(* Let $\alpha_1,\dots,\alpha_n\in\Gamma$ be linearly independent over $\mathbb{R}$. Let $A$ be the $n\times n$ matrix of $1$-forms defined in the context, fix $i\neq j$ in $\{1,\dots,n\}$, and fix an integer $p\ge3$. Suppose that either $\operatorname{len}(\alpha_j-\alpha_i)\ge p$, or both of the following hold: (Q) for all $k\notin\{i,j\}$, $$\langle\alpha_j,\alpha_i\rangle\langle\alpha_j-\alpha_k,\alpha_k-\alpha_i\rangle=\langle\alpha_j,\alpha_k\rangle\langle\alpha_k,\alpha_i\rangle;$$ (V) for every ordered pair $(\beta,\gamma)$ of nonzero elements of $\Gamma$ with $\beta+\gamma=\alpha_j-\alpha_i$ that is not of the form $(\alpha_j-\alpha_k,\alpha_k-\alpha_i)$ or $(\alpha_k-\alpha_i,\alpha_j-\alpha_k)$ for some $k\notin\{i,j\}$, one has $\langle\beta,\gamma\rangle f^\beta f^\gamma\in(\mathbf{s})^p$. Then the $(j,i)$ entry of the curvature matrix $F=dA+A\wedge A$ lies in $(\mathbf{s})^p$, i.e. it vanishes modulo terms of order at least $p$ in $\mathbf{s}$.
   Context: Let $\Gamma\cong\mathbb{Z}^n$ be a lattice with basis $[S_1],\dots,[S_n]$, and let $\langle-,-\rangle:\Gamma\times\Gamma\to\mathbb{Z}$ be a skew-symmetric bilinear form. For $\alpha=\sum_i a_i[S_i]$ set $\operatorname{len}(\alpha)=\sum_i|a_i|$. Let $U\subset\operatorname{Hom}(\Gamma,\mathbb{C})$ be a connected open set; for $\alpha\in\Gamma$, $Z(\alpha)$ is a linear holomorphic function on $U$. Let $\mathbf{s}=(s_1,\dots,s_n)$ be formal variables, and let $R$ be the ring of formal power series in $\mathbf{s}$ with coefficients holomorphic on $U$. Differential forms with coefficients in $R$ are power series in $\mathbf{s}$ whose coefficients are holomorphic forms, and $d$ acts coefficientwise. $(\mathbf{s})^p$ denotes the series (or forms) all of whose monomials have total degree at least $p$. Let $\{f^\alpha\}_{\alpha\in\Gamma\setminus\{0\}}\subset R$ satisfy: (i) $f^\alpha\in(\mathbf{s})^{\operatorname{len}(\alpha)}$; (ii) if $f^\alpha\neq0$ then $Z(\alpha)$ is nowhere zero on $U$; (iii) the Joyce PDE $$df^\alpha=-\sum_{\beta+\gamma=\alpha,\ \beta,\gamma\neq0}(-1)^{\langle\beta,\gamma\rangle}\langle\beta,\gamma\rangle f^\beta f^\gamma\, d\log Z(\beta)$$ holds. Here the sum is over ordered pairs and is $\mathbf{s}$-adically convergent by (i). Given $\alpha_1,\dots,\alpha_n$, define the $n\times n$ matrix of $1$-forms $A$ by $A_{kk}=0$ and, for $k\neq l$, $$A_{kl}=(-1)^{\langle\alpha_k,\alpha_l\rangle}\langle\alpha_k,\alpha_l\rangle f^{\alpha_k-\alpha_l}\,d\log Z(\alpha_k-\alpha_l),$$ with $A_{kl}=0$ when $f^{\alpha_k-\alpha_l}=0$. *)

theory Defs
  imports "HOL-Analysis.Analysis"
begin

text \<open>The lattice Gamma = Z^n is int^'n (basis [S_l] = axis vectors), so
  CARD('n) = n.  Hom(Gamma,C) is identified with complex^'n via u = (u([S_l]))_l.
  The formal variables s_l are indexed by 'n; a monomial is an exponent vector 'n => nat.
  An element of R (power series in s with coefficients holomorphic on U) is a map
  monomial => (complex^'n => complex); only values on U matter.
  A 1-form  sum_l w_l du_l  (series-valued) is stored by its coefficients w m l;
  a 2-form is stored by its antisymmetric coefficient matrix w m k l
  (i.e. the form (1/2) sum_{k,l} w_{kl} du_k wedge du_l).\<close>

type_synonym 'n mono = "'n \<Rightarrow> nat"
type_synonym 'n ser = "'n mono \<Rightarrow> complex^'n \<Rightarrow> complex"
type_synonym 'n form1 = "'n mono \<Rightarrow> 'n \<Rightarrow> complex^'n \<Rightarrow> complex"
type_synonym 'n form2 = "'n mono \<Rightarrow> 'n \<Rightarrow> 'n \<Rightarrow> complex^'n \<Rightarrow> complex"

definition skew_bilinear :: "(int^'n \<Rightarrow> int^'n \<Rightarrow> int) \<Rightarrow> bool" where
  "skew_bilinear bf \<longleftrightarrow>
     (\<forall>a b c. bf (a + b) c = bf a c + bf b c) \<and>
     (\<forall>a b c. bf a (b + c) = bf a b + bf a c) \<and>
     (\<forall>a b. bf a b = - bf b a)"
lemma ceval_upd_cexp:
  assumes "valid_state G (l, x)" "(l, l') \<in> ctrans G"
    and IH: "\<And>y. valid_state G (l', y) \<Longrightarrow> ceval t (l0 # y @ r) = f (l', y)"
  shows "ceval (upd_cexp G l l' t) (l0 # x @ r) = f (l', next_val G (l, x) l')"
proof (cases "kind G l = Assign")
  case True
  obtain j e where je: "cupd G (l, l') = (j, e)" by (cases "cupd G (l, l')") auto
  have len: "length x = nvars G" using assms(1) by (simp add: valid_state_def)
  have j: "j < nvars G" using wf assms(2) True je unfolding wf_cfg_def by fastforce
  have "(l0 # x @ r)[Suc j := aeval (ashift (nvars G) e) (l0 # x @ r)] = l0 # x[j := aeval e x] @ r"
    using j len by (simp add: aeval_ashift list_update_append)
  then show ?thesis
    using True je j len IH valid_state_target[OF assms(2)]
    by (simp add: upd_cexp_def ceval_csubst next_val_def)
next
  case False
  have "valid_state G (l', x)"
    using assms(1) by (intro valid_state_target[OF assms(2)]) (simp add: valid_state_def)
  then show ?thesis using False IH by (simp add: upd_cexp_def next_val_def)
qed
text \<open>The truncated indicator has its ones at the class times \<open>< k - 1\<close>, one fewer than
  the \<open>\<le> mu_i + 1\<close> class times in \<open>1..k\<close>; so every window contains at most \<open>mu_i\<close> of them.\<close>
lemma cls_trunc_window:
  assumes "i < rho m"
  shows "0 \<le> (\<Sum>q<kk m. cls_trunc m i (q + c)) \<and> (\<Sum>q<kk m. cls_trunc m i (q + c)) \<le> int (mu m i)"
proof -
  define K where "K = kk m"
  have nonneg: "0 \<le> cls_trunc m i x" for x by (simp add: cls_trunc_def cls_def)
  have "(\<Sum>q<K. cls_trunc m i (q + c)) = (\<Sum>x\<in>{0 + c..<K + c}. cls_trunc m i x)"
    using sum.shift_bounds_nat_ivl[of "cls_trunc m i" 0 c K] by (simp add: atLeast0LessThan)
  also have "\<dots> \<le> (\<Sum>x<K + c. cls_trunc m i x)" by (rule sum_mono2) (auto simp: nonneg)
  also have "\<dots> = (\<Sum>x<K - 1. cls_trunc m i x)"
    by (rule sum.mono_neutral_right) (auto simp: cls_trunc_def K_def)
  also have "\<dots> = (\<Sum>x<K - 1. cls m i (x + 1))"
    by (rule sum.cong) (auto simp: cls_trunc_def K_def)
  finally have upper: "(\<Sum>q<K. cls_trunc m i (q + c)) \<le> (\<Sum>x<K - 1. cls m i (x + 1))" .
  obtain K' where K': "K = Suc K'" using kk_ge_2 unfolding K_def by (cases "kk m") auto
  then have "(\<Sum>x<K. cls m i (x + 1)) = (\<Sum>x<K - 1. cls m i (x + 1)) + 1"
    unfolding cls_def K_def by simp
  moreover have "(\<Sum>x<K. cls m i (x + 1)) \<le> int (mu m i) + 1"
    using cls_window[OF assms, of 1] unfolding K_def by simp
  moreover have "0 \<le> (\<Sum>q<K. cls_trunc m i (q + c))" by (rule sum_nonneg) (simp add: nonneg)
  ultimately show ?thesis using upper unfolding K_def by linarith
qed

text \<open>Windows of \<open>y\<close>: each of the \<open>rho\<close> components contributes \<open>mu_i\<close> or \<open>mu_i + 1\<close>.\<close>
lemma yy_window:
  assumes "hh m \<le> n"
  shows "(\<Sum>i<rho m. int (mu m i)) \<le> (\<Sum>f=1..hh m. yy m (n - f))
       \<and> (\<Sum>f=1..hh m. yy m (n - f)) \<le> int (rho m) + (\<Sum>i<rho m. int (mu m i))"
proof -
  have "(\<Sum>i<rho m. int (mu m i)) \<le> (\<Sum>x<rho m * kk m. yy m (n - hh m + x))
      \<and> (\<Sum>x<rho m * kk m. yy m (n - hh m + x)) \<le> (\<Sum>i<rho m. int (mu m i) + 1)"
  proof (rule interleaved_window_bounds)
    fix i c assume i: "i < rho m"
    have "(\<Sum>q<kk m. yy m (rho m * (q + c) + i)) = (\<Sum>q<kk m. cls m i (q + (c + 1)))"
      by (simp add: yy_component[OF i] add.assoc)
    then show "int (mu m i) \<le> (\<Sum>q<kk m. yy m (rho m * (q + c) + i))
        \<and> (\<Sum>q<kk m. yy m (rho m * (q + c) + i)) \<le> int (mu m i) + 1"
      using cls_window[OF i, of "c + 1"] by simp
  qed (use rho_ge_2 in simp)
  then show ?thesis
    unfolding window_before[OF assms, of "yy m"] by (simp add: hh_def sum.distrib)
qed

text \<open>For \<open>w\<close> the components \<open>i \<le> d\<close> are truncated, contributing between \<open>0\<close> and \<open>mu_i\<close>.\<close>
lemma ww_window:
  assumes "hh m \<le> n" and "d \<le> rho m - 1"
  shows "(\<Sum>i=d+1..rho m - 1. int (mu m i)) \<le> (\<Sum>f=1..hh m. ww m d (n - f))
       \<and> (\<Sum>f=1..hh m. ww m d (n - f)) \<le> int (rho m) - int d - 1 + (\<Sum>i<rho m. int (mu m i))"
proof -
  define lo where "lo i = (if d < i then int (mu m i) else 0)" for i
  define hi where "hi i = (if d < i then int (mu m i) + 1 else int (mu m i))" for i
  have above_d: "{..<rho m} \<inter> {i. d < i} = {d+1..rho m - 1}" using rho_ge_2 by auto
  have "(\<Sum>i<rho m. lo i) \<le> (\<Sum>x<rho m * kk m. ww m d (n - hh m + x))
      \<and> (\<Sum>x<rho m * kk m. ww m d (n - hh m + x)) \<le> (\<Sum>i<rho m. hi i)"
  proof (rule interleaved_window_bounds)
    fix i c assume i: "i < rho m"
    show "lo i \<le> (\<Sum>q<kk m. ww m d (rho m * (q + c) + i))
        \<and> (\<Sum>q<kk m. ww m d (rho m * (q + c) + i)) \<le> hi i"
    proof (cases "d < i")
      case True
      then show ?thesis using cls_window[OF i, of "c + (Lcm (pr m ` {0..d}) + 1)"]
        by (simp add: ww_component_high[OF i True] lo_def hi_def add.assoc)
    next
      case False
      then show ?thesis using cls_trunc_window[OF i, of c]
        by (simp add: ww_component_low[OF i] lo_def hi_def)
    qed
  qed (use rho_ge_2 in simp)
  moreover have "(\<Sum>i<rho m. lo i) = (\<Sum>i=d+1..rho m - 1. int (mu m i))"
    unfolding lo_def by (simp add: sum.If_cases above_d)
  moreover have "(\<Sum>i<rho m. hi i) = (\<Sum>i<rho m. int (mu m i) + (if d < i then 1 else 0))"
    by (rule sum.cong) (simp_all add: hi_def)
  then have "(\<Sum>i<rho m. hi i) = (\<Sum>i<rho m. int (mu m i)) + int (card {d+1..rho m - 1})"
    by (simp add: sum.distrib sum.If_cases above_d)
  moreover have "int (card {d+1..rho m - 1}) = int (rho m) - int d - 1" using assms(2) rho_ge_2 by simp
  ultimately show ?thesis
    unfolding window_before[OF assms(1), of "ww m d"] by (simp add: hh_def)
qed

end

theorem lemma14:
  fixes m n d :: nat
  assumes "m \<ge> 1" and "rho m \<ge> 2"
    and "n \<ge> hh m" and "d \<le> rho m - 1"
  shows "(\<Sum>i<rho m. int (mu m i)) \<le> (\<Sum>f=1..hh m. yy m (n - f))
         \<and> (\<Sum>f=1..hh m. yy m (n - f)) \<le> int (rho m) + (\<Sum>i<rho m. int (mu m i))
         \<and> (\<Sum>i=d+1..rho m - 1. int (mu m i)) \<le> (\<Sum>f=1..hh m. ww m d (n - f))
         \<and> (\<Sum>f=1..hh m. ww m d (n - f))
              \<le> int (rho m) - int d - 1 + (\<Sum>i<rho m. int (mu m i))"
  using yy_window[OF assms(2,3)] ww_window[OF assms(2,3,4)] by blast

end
-*-*-
What you have to do -> Note which lines carry the word "wedge" in the material, then copy each of them.

Response to this task ->
(* Let $\alpha_1,\dots,\alpha_n\in\Gamma$ be linearly independent over $\mathbb{R}$. Let $A$ be the $n\times n$ matrix of $1$-forms defined in the context, fix $i\neq j$ in $\{1,\dots,n\}$, and fix an integer $p\ge3$. Suppose that either $\operatorname{len}(\alpha_j-\alpha_i)\ge p$, or both of the following hold: (Q) for all $k\notin\{i,j\}$, $$\langle\alpha_j,\alpha_i\rangle\langle\alpha_j-\alpha_k,\alpha_k-\alpha_i\rangle=\langle\alpha_j,\alpha_k\rangle\langle\alpha_k,\alpha_i\rangle;$$ (V) for every ordered pair $(\beta,\gamma)$ of nonzero elements of $\Gamma$ with $\beta+\gamma=\alpha_j-\alpha_i$ that is not of the form $(\alpha_j-\alpha_k,\alpha_k-\alpha_i)$ or $(\alpha_k-\alpha_i,\alpha_j-\alpha_k)$ for some $k\notin\{i,j\}$, one has $\langle\beta,\gamma\rangle f^\beta f^\gamma\in(\mathbf{s})^p$. Then the $(j,i)$ entry of the curvature matrix $F=dA+A\wedge A$ lies in $(\mathbf{s})^p$, i.e. it vanishes modulo terms of order at least $p$ in $\mathbf{s}$.
  (i.e. the form (1/2) sum_{k,l} w_{kl} du_k wedge du_l).\<close>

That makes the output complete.